7. Il ressort des pièces du dossier que la zone Ab créée par la délibération du 23 décembre 2019 sur le ban de la commune de Munwiller ne constitue qu'une enclave comprise dans une vaste unité foncière à vocation agricole à l'Ouest des zones urbanisées de la commune. La zone Ab est par ailleurs située à environ 300 mètres des premières habitations et apparaît distinctement séparée du tissu bâti de la commune, notamment par des voies. La seule circonstance, à la supposer fondée, que ce zonage permettrait la réalisation d'un bâtiment à usage agricole à laquelle la commune refuserait son assentiment constitue une circonstance qui n'est pas au nombre de celles qu'il appartient au juge de prendre en compte lors de son contrôle comme il a été dit au point 5 ci-dessus. Enfin, la commune de Munwiller ne saurait utilement se prévaloir à l'appui de ses conclusions à fin d'annulation de la délibération du 23 décembre 2019 en tant qu'elle crée un secteur Ab sur son territoire, ensemble la décision portant rejet de son recours gracieux formé le 19 février 2020, de la circonstance que d'autres parcelles auraient également pu bénéficier d'un classement en zone Ab. Il résulte de tout ce qui précède que la commune de Munwiller n'est pas fondée à soutenir que c'est à tort que le tribunal administratif de Strasbourg a estimé que le conseil communautaire de la communauté de communes du Centre Haut-Rhin n'avait pas commis dans l'application des dispositions citées au point 5 ci-dessus une erreur manifeste d'appréciation en classant les parcelles dont s'agit en zone Ab.

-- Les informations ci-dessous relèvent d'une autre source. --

lemma eigen_eq_if_eq_radius_bound:
  assumes "i < n" "mu = radius_bound i" "p < n"
  shows "(\<Sum>q<n. a p q * z q) = mu * z p"
proof -
  have "(\<Sum>p<n. mu * z p) = (\<Sum>p<n. \<Sum>q<n. a p q * z q)"
    using weighted_sum_eq_if_eq_radius_bound(1)[OF assms(1,2)]
    by (simp add: sum_weighted_rows total_def sum_distrib_left)
  from sum_mono_inv[OF this sub_eigen] assms(3) show ?thesis by simp
qed

text \<open>All off-diagonal entries are at least \<open>1\<close>, so a zero entry of an eigenvector \<open>z \<ge> 0\<close>
  forces \<open>z = 0\<close>.\<close>
lemma z_pos_if_eq_radius_bound:
  assumes "i < n" "mu = radius_bound i" "p < n"
  shows "0 < z p"
proof (rule ccontr)
  assume "\<not> 0 < z p"
  then have zp: "z p = 0" using z_nonneg[OF assms(3)] by simp
  obtain u where u: "u < n" "z u = peak" by (rule peak_attained)
  then have "p \<noteq> u" using zp peak_pos by auto
  then have "0 < a p u * z u"
    using u peak_pos assms(3) one_le_entry[of p u] by (intro mult_pos_pos) auto
  also have "\<dots> \<le> (\<Sum>q<n. a p q * z q)"
    using u(1) assms(3) entry_nonneg z_nonneg by (intro member_le_sum) auto
  also have "\<dots> = 0" using eigen_eq_if_eq_radius_bound[OF assms] zp by simp
  finally show False by simp
qed

lemma peak_bound_eq_if_eq_radius_bound:
  assumes "i < n" "mu = radius_bound i" "D i < mu"
  shows "(mu + d) * peak = d * total"
proof -
  have "(mu - D i) * ((mu + d) * peak) = (mu - D i) * (d * total)"
    using tight_if_eq_radius_bound[OF assms(1,2)] by (metis mult.assoc mult.left_commute)
  then show ?thesis using assms(3) by simp
qed

lemma row_at_diam_if_eq_radius_bound:
  assumes "i < n" "mu = radius_bound i" "D i < mu" "k < n" "z k = peak"
  shows "q < n \<Longrightarrow> q \<noteq> k \<Longrightarrow> a k q = d"
proof -
  have "(\<Sum>q\<in>{..<n} - {k}. a k q * z q) = (\<Sum>q<n. a k q * z q)"
    using assms(4) by (simp add: zero_diag sum.remove)
  also have "\<dots> = d * (total - z k)"
    using eigen_eq_if_eq_radius_bound[OF assms(1,2,4)] assms(5)
      peak_bound_eq_if_eq_radius_bound[OF assms(1-3)]
    by (simp add: algebra_simps)
  also have "\<dots> = (\<Sum>q\<in>{..<n} - {k}. d * z q)"
    using assms(4) by (simp add: total_def sum_distrib_left[symmetric] sum_diff1)
  finally have "(\<Sum>q\<in>{..<n} - {k}. a k q * z q) = (\<Sum>q\<in>{..<n} - {k}. d * z q)" .
  from sum_mono_inv[OF this]
  have "a k q * z q = d * z q" if "q < n" "q \<noteq> k" for q
    using that assms(4) entry_le_diam z_nonneg by (simp add: mult_right_mono)
  then show "q < n \<Longrightarrow> q \<noteq> k \<Longrightarrow> a k q = d"
    using z_pos_if_eq_radius_bound[OF assms(1,2)] by force
qed

lemma row_sums_eq_if_eq_radius_bound:
  assumes "i < n" "mu = radius_bound i"
  shows "\<forall>k<n. D k = D 0"
proof -
  have "D k = D i" if k: "k < n" for k
  proof (cases "k < i")
    case True
    show ?thesis
    proof (rule ccontr)
      assume "D k \<noteq> D i"
      then have gt: "D i < D k" using row_sum_antimono[of k i] True assms(1) by simp
      then have "z k = peak"
        using slack_eq_0_if_eq_radius_bound[OF assms k] True by (simp add: slack_def)
      have "D k - D i \<le> excess i"
        unfolding excess_def using True assms(1) row_sum_antimono
        by (intro member_le_sum[where f = "\<lambda>j. D j - D i"]) auto
      then have "0 < d * excess i" using gt one_le_diam[OF n_pos] by simp
      then have "D i < mu" using tight_if_eq_radius_bound[OF assms] by (cases "mu = D i") auto
      from row_sum_le_if_row_at_diam[OF k row_at_diam_if_eq_radius_bound[OF assms this k \<open>z k = peak\<close>]]
      show False using gt assms(1) by fastforce
    qed
  next
    case False
    then show ?thesis
      using slack_eq_0_if_eq_radius_bound[OF assms k] z_pos_if_eq_radius_bound[OF assms k]
      by (simp add: slack_def)
  qed
  then show ?thesis using n_pos by (metis assms(1))
qed

end

context distance_like_matrix
begin

lemma matrix_carrier: "matrix \<in> carrier_mat n n"
  by (simp add: matrix_def)

lemma subeigenvector_if_eigenvalue:
  assumes "eigenvalue matrix lam"
  obtains z where "subeigenvector n a d D z (cmod lam)"
proof -
  obtain v where v: "v \<in> carrier_vec n" "v \<noteq> 0\<^sub>v n" "matrix *\<^sub>v v = lam \<cdot>\<^sub>v v"
    using assms unfolding eigenvalue_def eigenvector_def by (auto simp: matrix_def)
  have "\<exists>p<n. cmod (v $ p) \<noteq> 0"
  proof (rule ccontr)
    assume "\<not> (\<exists>p<n. cmod (v $ p) \<noteq> 0)"
    then have "v = 0\<^sub>v n" using v(1) by (intro eq_vecI) auto
    then show False using v(2) by simp
  qed
  moreover have "cmod lam * cmod (v $ p) \<le> (\<Sum>q<n. a p q * cmod (v $ q))" if "p < n" for p
  proof -
    have "cmod (matrix $$ (p, q)) = a p q" if "q < n" for q
      using \<open>p < n\<close> that entry_nonneg by (simp add: matrix_def)
    then show ?thesis
      using eigenvector_entry_modulus_le[OF matrix_carrier v(1,3) that] by simp
  qed
  ultimately have "subeigenvector n a d D (\<lambda>p. cmod (v $ p)) (cmod lam)"
    unfolding subeigenvector_def subeigenvector_axioms_def
    using distance_like_matrix_axioms by simp
  then show ?thesis by (rule that)
qed

lemma spectral_radius_attained:
  assumes "0 < n"
  obtains lam where "eigenvalue matrix lam" "spectral_radius matrix = cmod lam"
proof -
  obtain lam where "lam \<in> spectrum matrix" "spectral_radius matrix = cmod lam"
    using spectral_radius_mem_max(1)[OF matrix_carrier assms] by blast
  then show ?thesis using that by (simp add: spectrum_def)
qed

lemma spectral_radius_le_radius_bound:
  assumes "i < n"
  shows "spectral_radius matrix \<le> radius_bound i"
proof -
  obtain lam where lam: "eigenvalue matrix lam" "spectral_radius matrix = cmod lam"
    using assms by (auto intro: spectral_radius_attained)
  obtain z where "subeigenvector n a d D z (cmod lam)"
    by (rule subeigenvector_if_eigenvalue[OF lam(1)])
  from subeigenvector.le_radius_bound[OF this assms] show ?thesis using lam(2) by simp
qed
(* If a polynomial $p\in\mathbb C[X_{12},X_{13},X_{23}]$ satisfies $\hat H_1^{(-2)}p=\hat H_2^{(-2)}p=\hat H_3^{(-2)}p=0$, then $p$ is constant. That is, $\ker\hat H_1^{(-2)}\cap\ker\hat H_2^{(-2)}\cap\ker\hat H_3^{(-2)}=\mathbb C$ on $\mathbb C[X_{12},X_{13},X_{23}]$.
   Context: The operators (with rational coefficients, mapping polynomials to rational functions) are $$\hat H_1^{(-2)}=\frac{\partial^2}{\partial X_{12}^2}+\frac{\partial^2}{\partial X_{13}^2}+\frac{X_{12}^2+X_{13}^2-X_{23}^2}{X_{12}X_{13}}\frac{\partial^2}{\partial X_{12}\partial X_{13}}+\frac{2}{X_{12}}\frac{\partial}{\partial X_{12}}+\frac{2}{X_{13}}\frac{\partial}{\partial X_{13}},$$ $$\hat H_2^{(-2)}=\frac{\partial^2}{\partial X_{12}^2}+\frac{\partial^2}{\partial X_{23}^2}+\frac{X_{12}^2+X_{23}^2-X_{13}^2}{X_{12}X_{23}}\frac{\partial^2}{\partial X_{12}\partial X_{23}}+\frac{2}{X_{12}}\frac{\partial}{\partial X_{12}}+\frac{2}{X_{23}}\frac{\partial}{\partial X_{23}},$$ $$\hat H_3^{(-2)}=\frac{\partial^2}{\partial X_{13}^2}+\frac{\partial^2}{\partial X_{23}^2}+\frac{X_{13}^2+X_{23}^2-X_{12}^2}{X_{13}X_{23}}\frac{\partial^2}{\partial X_{13}\partial X_{23}}+\frac{2}{X_{13}}\frac{\partial}{\partial X_{13}}+\frac{2}{X_{23}}\frac{\partial}{\partial X_{23}}.$$ *)

theory Defs
  imports Complex_Main
begin

text \<open>A polynomial in C[X12,X13,X23] is represented by its coefficient function
  on exponent triples (i,j,k) (monomial X12^i X13^j X23^k), with finite support.\<close>

type_synonym mpoly3 = "nat \<times> nat \<times> nat \<Rightarrow> complex"

definition is_poly3 :: "mpoly3 \<Rightarrow> bool" where
  "is_poly3 c \<longleftrightarrow> finite {m. c m \<noteq> 0}"

definition eval3 :: "mpoly3 \<Rightarrow> complex \<Rightarrow> complex \<Rightarrow> complex \<Rightarrow> complex" where
  "eval3 c x12 x13 x23 =
     (\<Sum>m\<in>{m. c m \<noteq> 0}. c m * x12 ^ fst m * x13 ^ fst (snd m) * x23 ^ snd (snd m))"

definition d12 :: "mpoly3 \<Rightarrow> mpoly3" where
  "d12 c = (\<lambda>(i,j,k). of_nat (Suc i) * c (Suc i, j, k))"
definition d13 :: "mpoly3 \<Rightarrow> mpoly3" where
  "d13 c = (\<lambda>(i,j,k). of_nat (Suc j) * c (i, Suc j, k))"
definition d23 :: "mpoly3 \<Rightarrow> mpoly3" where
  "d23 c = (\<lambda>(i,j,k). of_nat (Suc k) * c (i, j, Suc k))"

definition H1 :: "mpoly3 \<Rightarrow> complex \<Rightarrow> complex \<Rightarrow> complex \<Rightarrow> complex" where
  "H1 p x12 x13 x23 =
     eval3 (d12 (d12 p)) x12 x13 x23 + eval3 (d13 (d13 p)) x12 x13 x23
     + (x12^2 + x13^2 - x23^2) / (x12 * x13) * eval3 (d12 (d13 p)) x12 x13 x23
     + 2 / x12 * eval3 (d12 p) x12 x13 x23 + 2 / x13 * eval3 (d13 p) x12 x13 x23"

definition H2 :: "mpoly3 \<Rightarrow> complex \<Rightarrow> complex \<Rightarrow> complex \<Rightarrow> complex" where
  "H2 p x12 x13 x23 =
     eval3 (d12 (d12 p)) x12 x13 x23 + eval3 (d23 (d23 p)) x12 x13 x23
     + (x12^2 + x23^2 - x13^2) / (x12 * x23) * eval3 (d12 (d23 p)) x12 x13 x23
     + 2 / x12 * eval3 (d12 p) x12 x13 x23 + 2 / x23 * eval3 (d23 p) x12 x13 x23"

definition H3 :: "mpoly3 \<Rightarrow> complex \<Rightarrow> complex \<Rightarrow> complex \<Rightarrow> complex" where
  "H3 p x12 x13 x23 =
     eval3 (d13 (d13 p)) x12 x13 x23 + eval3 (d23 (d23 p)) x12 x13 x23
     + (x13^2 + x23^2 - x12^2) / (x13 * x23) * eval3 (d13 (d23 p)) x12 x13 x23
     + 2 / x13 * eval3 (d13 p) x12 x13 x23 + 2 / x23 * eval3 (d23 p) x12 x13 x23"

definition is_const3 :: "mpoly3 \<Rightarrow> bool" where
  "is_const3 c \<longleftrightarrow> (\<forall>m. m \<noteq> (0,0,0) \<longrightarrow> c m = 0)"

end

theory Submission
  imports Defs
begin

(* Multiplying H1 p = 0 by X12^2 X13^2 gives a polynomial identity whose coefficient at
   X12^a X13^b X23^c is the recurrence
     (a + b - 1) (a p[a, b-2, c] + b p[a-2, b, c]) = a b p[a, b, c-2],
   coefficients with a negative index being zero.  H2 and H3 are H1 after a permutation of the
   variables, so they give the same recurrence for permuted coefficient arrays.  For a, b, c > 0
   the three recurrences at (a, b, c) are a linear system in p[a, b-2, c], p[a-2, b, c],
   p[a, b, c-2] with determinant a b c (a+b+c-1)^2 (a+b+c-2), which is nonzero; hence every
   coefficient with two positive indices vanishes.  A coefficient p[d, 0, 0] with d > 0 then
   vanishes by the recurrences at (d, 2, 0), (d, 0, 2) and (d-2, 2, 2), and likewise on the
   other two axes. *)

definition monom3 :: "nat \<times> nat \<times> nat \<Rightarrow> 'a::comm_semiring_1 \<Rightarrow> 'a \<Rightarrow> 'a \<Rightarrow> 'a" where
  "monom3 m x y z = x ^ fst m * y ^ fst (snd m) * z ^ snd (snd m)"

lemma monom3_simps [simp]: "monom3 (i, j, k) x y z = x ^ i * y ^ j * z ^ k"
  by (simp add: monom3_def)

lemma eval3_conv_monom3: "eval3 c x y z = (\<Sum>m\<in>{m. c m \<noteq> 0}. c m * monom3 m x y z)"
  unfolding eval3_def monom3_def by (simp add: mult.assoc)

lemma eval3_conv_sum:
  assumes "finite S" and "{m. c m \<noteq> 0} \<subseteq> S"
  shows "eval3 c x y z = (\<Sum>m\<in>S. c m * monom3 m x y z)"
  unfolding eval3_conv_monom3 by (rule sum.mono_neutral_left) (use assms in auto)
(* Consider the scheme with the classical entropy $f(\rho)=\rho(\ln\rho-1)$. Let $\rho^{n-1},\rho^n,\phi^n\in\mathcal C$ with $\min_{i,j,k}\rho^n_{i,j,k}>0$. Then there exists a unique pair $(\rho^{n+1},\phi^{n+1})\in\mathcal C\times\mathcal C$ with $\rho^{n+1}_{i,j,k}>0$ for all $i,j,k=1,\dots,N$ solving the scheme.
   Context: Grid setting: $\Omega=(a,b)^3$, $N\in\mathbb N$, $h=(b-a)/N$, cell centers $(x_i,y_j,z_k)=(a+(i-\tfrac12)h,a+(j-\tfrac12)h,a+(k-\tfrac12)h)$, $1\le i,j,k\le N$. $\mathcal C$ is the space of cell-centered grid functions $u_{i,j,k}$, extended to ghost points by the discrete homogeneous Neumann condition $u_{0,j,k}=u_{1,j,k}$, $u_{N+1,j,k}=u_{N,j,k}$ (and likewise in $j$ and $k$). Operators: $D_xf_{i+1/2,j,k}=(f_{i+1,j,k}-f_{i,j,k})/h$, $A_xf_{i+1/2,j,k}=(f_{i+1,j,k}+f_{i,j,k})/2$; for face-centered $g$, $d_xg_{i,j,k}=(g_{i+1/2,j,k}-g_{i-1/2,j,k})/h$; analogously in $y,z$. $\nabla_hf=(D_xf,D_yf,D_zf)$, $\Delta_hf=d_xD_xf+d_yD_yf+d_zD_zf$, and for cell-centered $\mathcal D$, $\nabla_h\cdot(\mathcal D\nabla_hf):=d_x(A_x\mathcal D\,D_xf)+d_y(A_y\mathcal D\,D_yf)+d_z(A_z\mathcal D\,D_zf)$. Scheme (classical case: $f'(\rho)=\ln\rho$, $1/f''(\rho)=\rho$, $f'''(\rho)=-1/\rho^2$): parameters $\gamma,\mu,\alpha,\chi,\theta>0$, $\Delta t>0$. With $\hat\rho^{n+\frac12}=\big((\tfrac32\rho^n-\tfrac12\rho^{n-1})^2+\Delta t^8\big)^{1/2}$ pointwise, find $\rho^{n+1},\phi^{n+1}\in\mathcal C$ with $$\frac{\rho^{n+1}-\rho^n}{\Delta t}=\nabla_h\cdot\Big[\hat\rho^{n+\frac12}\nabla_h\Big(\gamma S^{n+\frac12}-\frac\chi2(\phi^{n+1}+\phi^n)+\frac{\chi^2\Delta t}{4\theta}(\rho^{n+1}-\rho^n)\Big)\Big],$$ $$\theta\frac{\phi^{n+1}-\phi^n}{\Delta t}=\frac\mu2\Delta_h(\phi^{n+1}+\phi^n)-\frac\alpha2(\phi^{n+1}+\phi^n)+\frac\chi2(\rho^{n+1}+\rho^n),$$ where $S^{n+\frac12}=\ln\rho^{n+1}-\frac{\rho^{n+1}-\rho^n}{2\rho^{n+1}}-\frac{(\rho^{n+1}-\rho^n)^2}{6(\rho^{n+1})^2}$ pointwise. *)

theory Defs
  imports Complex_Main
begin
definition is_M_data ::
  "('g::mgroup \<times> 'h::mgroup \<Rightarrow> 'g \<times> 'h \<Rightarrow> 'g \<times> 'h \<Rightarrow> 'k::field) \<Rightarrow> ('g \<times> 'h \<Rightarrow> 'x \<Rightarrow> 'x)
   \<Rightarrow> ('g \<times> 'h \<Rightarrow> 'g \<times> 'h \<Rightarrow> 'x \<Rightarrow> 'k) \<Rightarrow> bool" where
  "is_M_data w act Gamma \<longleftrightarrow>
     (\<forall>u v x. Gamma u v x \<noteq> 0) \<and>
     (\<forall>u x. Gamma pone u x = 1 \<and> Gamma u pone x = 1) \<and>
     (\<forall>u1 u2 u3 x.
        Gamma u2 u3 (act (pinv u1) x) * inverse (Gamma (pmul u1 u2) u3 x) * Gamma u1 (pmul u2 u3) x
          * inverse (Gamma u1 u2 x) = inverse (w u1 u2 u3)) \<and>
     (\<forall>g h x. Gamma (1, h) (g, 1) x = 1)"

definition Gamma_of :: "('g::mgroup \<times> 'h::mgroup \<Rightarrow> 'x \<Rightarrow> 'x)
   \<Rightarrow> ('g \<Rightarrow> 'g \<Rightarrow> 'x \<Rightarrow> 'k::field) \<Rightarrow> ('h \<Rightarrow> 'h \<Rightarrow> 'x \<Rightarrow> 'k) \<Rightarrow> ('g \<Rightarrow> 'h \<Rightarrow> 'x \<Rightarrow> 'k)
   \<Rightarrow> 'g \<times> 'h \<Rightarrow> 'g \<times> 'h \<Rightarrow> 'x \<Rightarrow> 'k" where
  "Gamma_of act Psi Phi Omega u1 u2 x =
     Psi (fst u1) (fst u2) (act (1, inverse (snd u2) * inverse (snd u1)) x)
     * Phi (snd u1) (snd u2) x
     * Omega (fst u1) (snd u2) (act (1, inverse (snd u1)) x)"

definition Psi_of :: "('g::mgroup \<times> 'h::mgroup \<Rightarrow> 'g \<times> 'h \<Rightarrow> 'x \<Rightarrow> 'k) \<Rightarrow> 'g \<Rightarrow> 'g \<Rightarrow> 'x \<Rightarrow> 'k" where
  "Psi_of Gamma g1 g2 x = Gamma (g1, 1) (g2, 1) x"
definition Phi_of :: "('g::mgroup \<times> 'h::mgroup \<Rightarrow> 'g \<times> 'h \<Rightarrow> 'x \<Rightarrow> 'k) \<Rightarrow> 'h \<Rightarrow> 'h \<Rightarrow> 'x \<Rightarrow> 'k" where
  "Phi_of Gamma h1 h2 x = Gamma (1, h1) (1, h2) x"
definition Omega_of :: "('g::mgroup \<times> 'h::mgroup \<Rightarrow> 'g \<times> 'h \<Rightarrow> 'x \<Rightarrow> 'k) \<Rightarrow> 'g \<Rightarrow> 'h \<Rightarrow> 'x \<Rightarrow> 'k" where
  "Omega_of Gamma g h x = Gamma (g, 1) (1, h) x"

end

theory Submission
  imports Defs
begin

text \<open>
  Since \<open>\<omega>\<close> is trivial on every triple in which some \<open>G\<close>-coordinate and some
  \<open>H\<close>-coordinate equal \<open>1\<close>, the corresponding instances of the cocycle condition of
  \<open>\<Gamma>\<close>, together with the normalisation \<open>\<Gamma>((1,h),(g,1)) = 1\<close>, express
  \<open>\<Gamma>((g\<^sub>1,h\<^sub>1),(g\<^sub>2,h\<^sub>2))\<close> through its restrictions
  \<open>\<Psi>\<close>, \<open>\<Phi>\<close>, \<open>\<Omega>\<close> exactly as \<open>\<Gamma>'\<close> does, and these instances
  restrict to the four conditions on B-data. Conversely, the cocycle condition of \<open>\<Gamma>'\<close> is
  the product of the four B-data conditions at suitably translated points.
\<close>

context mgroup
begin
(* Let $R_1,R_2$ be rings, $M$ an $(R_1,R_2)$-bimodule and $P$ an $(R_2,R_1)$-bimodule, and let $R=\begin{pmatrix} R_1 & M\\ P & R_2\end{pmatrix}$ be a trivial Morita context, i.e. the context products $M\times P\to R_1$ and $P\times M\to R_2$ are zero ($MP=0$, $PM=0$), with ring structure given by the usual matrix operations. Then $R$ is NJ-symmetric if and only if $R_1$ and $R_2$ are NJ-symmetric.
   Context: Rings are associative with identity. $N(S)$ is the set of nilpotent elements, $J(S)$ the Jacobson radical of a ring $S$. $S$ is NJ-symmetric if for all $a,b,c\in S$, $abc\in N(S)$ implies $bac\in J(S)$. *)

theory Defs
  imports "HOL-Algebra.Ideal"
begin

definition nilpotents :: "('a, 'b) ring_scheme \<Rightarrow> 'a set" where
  "nilpotents S = {a \<in> carrier S. \<exists>n::nat. a [^]\<^bsub>S\<^esub> n = \<zero>\<^bsub>S\<^esub>}"

definition left_ideal :: "'a set \<Rightarrow> ('a, 'b) ring_scheme \<Rightarrow> bool" where
  "left_ideal I S \<longleftrightarrow> additive_subgroup I S \<and>
     (\<forall>r \<in> carrier S. \<forall>x \<in> I. r \<otimes>\<^bsub>S\<^esub> x \<in> I)"
(* Let $C$ be the plane affine curve over $\mathbb{R}$ with equation $x_1^2+x_2^2=1$ and $V=C\times\mathbb{A}^1$, so $\mathbb{R}[V]=\mathbb{R}[C][y]$. Let $f\in\mathbb{R}[V]$ and $b\in\mathbb{R}[C]$ be sums of squares (in $\mathbb{R}[V]$ and $\mathbb{R}[C]$ respectively), and assume that $b$ has only real zeros on $C$ (i.e. all zeros of $b$ in $C(\mathbb{C})$ lie in $C(\mathbb{R})$). If there is $g\in\mathbb{R}[V]$ with $f=bg$, then $g$ is a sum of squares in $\mathbb{R}[V]$. *)

theory Defs
  imports Complex_Main "HOL-Computational_Algebra.Polynomial"
begin

text \<open>Polynomial rings are modelled by nested univariate polynomials:
  R[x1,x2]   = real poly poly        (inner variable x1, outer variable x2)
  R[x1,x2,y] = real poly poly poly   (outermost variable y).
  The coordinate ring R[C] is R[x1,x2] modulo the ideal generated by
  hC = x1^2 + x2^2 - 1, and R[V] = R[C][y] is R[x1,x2,y] modulo the ideal
  generated by hC (viewed as a constant in y).  Elements of the coordinate
  rings are represented by polynomial representatives; equality in the
  coordinate ring is congruence modulo the principal ideal.\<close>

definition hC :: "real poly poly" where
  "hC = [: [:-1, 0, 1:], 0, 1 :]"

definition hV :: "real poly poly poly" where
  "hV = [: hC :]"

definition sos_mod :: "'a::comm_ring_1 \<Rightarrow> 'a \<Rightarrow> bool" where
  "sos_mod h p \<longleftrightarrow> (\<exists>gs. h dvd (p - sum_list (map (\<lambda>g. g ^ 2) gs)))"

definition evalC :: "real poly poly \<Rightarrow> complex \<Rightarrow> complex \<Rightarrow> complex" where
  "evalC b z1 z2 = poly (map_poly (\<lambda>q. poly (map_poly complex_of_real q) z1) b) z2"

end

theory Submission
  imports Defs "HOL-Computational_Algebra.Fundamental_Theorem_Algebra"
begin

text \<open>Every b \<in> \<real>[C] is congruent to p + x2 q with p, q \<in> \<real>[x1], and the degree of its norm
  N(b) = p^2 + (x1^2 - 1) q^2 drives a descent. If deg N(b) > 0, then N(b) has a complex
  root, which yields a zero of b on C(\<complex>); by hypothesis it is a real point (a1, a2).
  Modulo the circle, the square of a polynomial vanishing at (a1, a2) is the tangent line
  L = 1 - a1 x1 - a2 x2 times a sum of two squares. Applied to the squares in b, and in f
  (which vanishes on {(a1, a2)} \<times> \<real> because f = b g), this gives b = L b' and f = L f' with
  b', f' sums of squares. Since L (1 - a1 x1 + a2 x2) = (x1 - a1)^2 modulo the circle, L is
  not a zero divisor, so f' = b' g; moreover N(b) = (x1 - a1)^2 N(b') and b' again has only
  real zeros.
  When deg N(b) = 0, b is a positive constant c and g = f / c.\<close>

section \<open>Sums of squares modulo an element\<close>

abbreviation sum_sq :: "'a::comm_ring_1 list \<Rightarrow> 'a" where
  "sum_sq xs \<equiv> sum_list (map (\<lambda>x. x ^ 2) xs)"

lemma sum_sq_map_mult: "sum_sq (map ((*) s) xs) = s ^ 2 * sum_sq xs"
  by (induction xs) (simp_all add: power_mult_distrib distrib_left)

lemma sum_sq_nonneg: "0 \<le> sum_sq (xs :: 'a::linordered_idom list)"
  by (induction xs) simp_all
(* For every $n\geq 1$, $\operatorname{diam}(\mathrm{CIM}_n)\leq 2n-2$.
   Context: For a directed acyclic graph (DAG) $\mathcal{G}$ on vertex set $[n]=\{1,\dots,n\}$, the characteristic imset $c_\mathcal{G}$ is the 0/1-vector indexed by the subsets $S\subseteq[n]$ with $|S|\geq 2$, with $c_\mathcal{G}(S)=1$ if there exists $i\in S$ such that $S\subseteq \mathrm{pa}_\mathcal{G}(i)\cup\{i\}$ (where $\mathrm{pa}_\mathcal{G}(i)$ is the set of parents of $i$), and $c_\mathcal{G}(S)=0$ otherwise. The characteristic imset polytope is $\mathrm{CIM}_n=\operatorname{conv}(c_\mathcal{G}\colon \mathcal{G}\text{ a DAG on }[n])$. For a polytope $P$, the vertex-edge graph $G(P)$ has the vertices of $P$ as nodes, with two vertices adjacent iff their convex hull is an edge of $P$; $\operatorname{diam}(P)$ is the maximum over pairs of vertices of the length of a shortest path between them in $G(P)$. *)

theory Defs
  imports "HOL-Analysis.Analysis" "HOL-Library.Function_Algebras"
begin

text \<open>Real vector space structure on functions (pointwise), so that vectors
indexed by subsets of [n] can be represented as functions nat set => real.\<close>

instantiation "fun" :: (type, real_vector) real_vector
begin
definition scaleR_fun_def: "scaleR r f = (\<lambda>x. scaleR r (f x))"
instance
  by standard (auto simp: scaleR_fun_def fun_eq_iff scaleR_add_right scaleR_add_left)
end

8. En quatrième et dernier lieu, la commune de Munwiller soutient que la délibération du 23 décembre 2019 en tant qu'elle crée une zone Ab est entachée de détournement de pouvoir dès lors qu'elle a été adoptée pour permettre la construction à Munwiller d'un poulailler industriel à laquelle la commune est opposée. Il ressort toutefois des pièces du dossier que le classement des parcelles concernées en zone Ab a pour but de permettre la transmission d'une exploitation agricole et que les orientations du projet d'aménagement et de développement durable du plan local d'urbanisme intercommunal en matière économique prévoient de " conforter et accompagner les activités agricole et sylvicole ". Par suite, la commune de Munwiller n'établit pas qu'il n'existe aucun but d'intérêt général susceptible de justifier la mesure. Enfin, le fait qu'une décision favorise certains intérêts particuliers ne l'entache pas automatiquement de détournement de pouvoir.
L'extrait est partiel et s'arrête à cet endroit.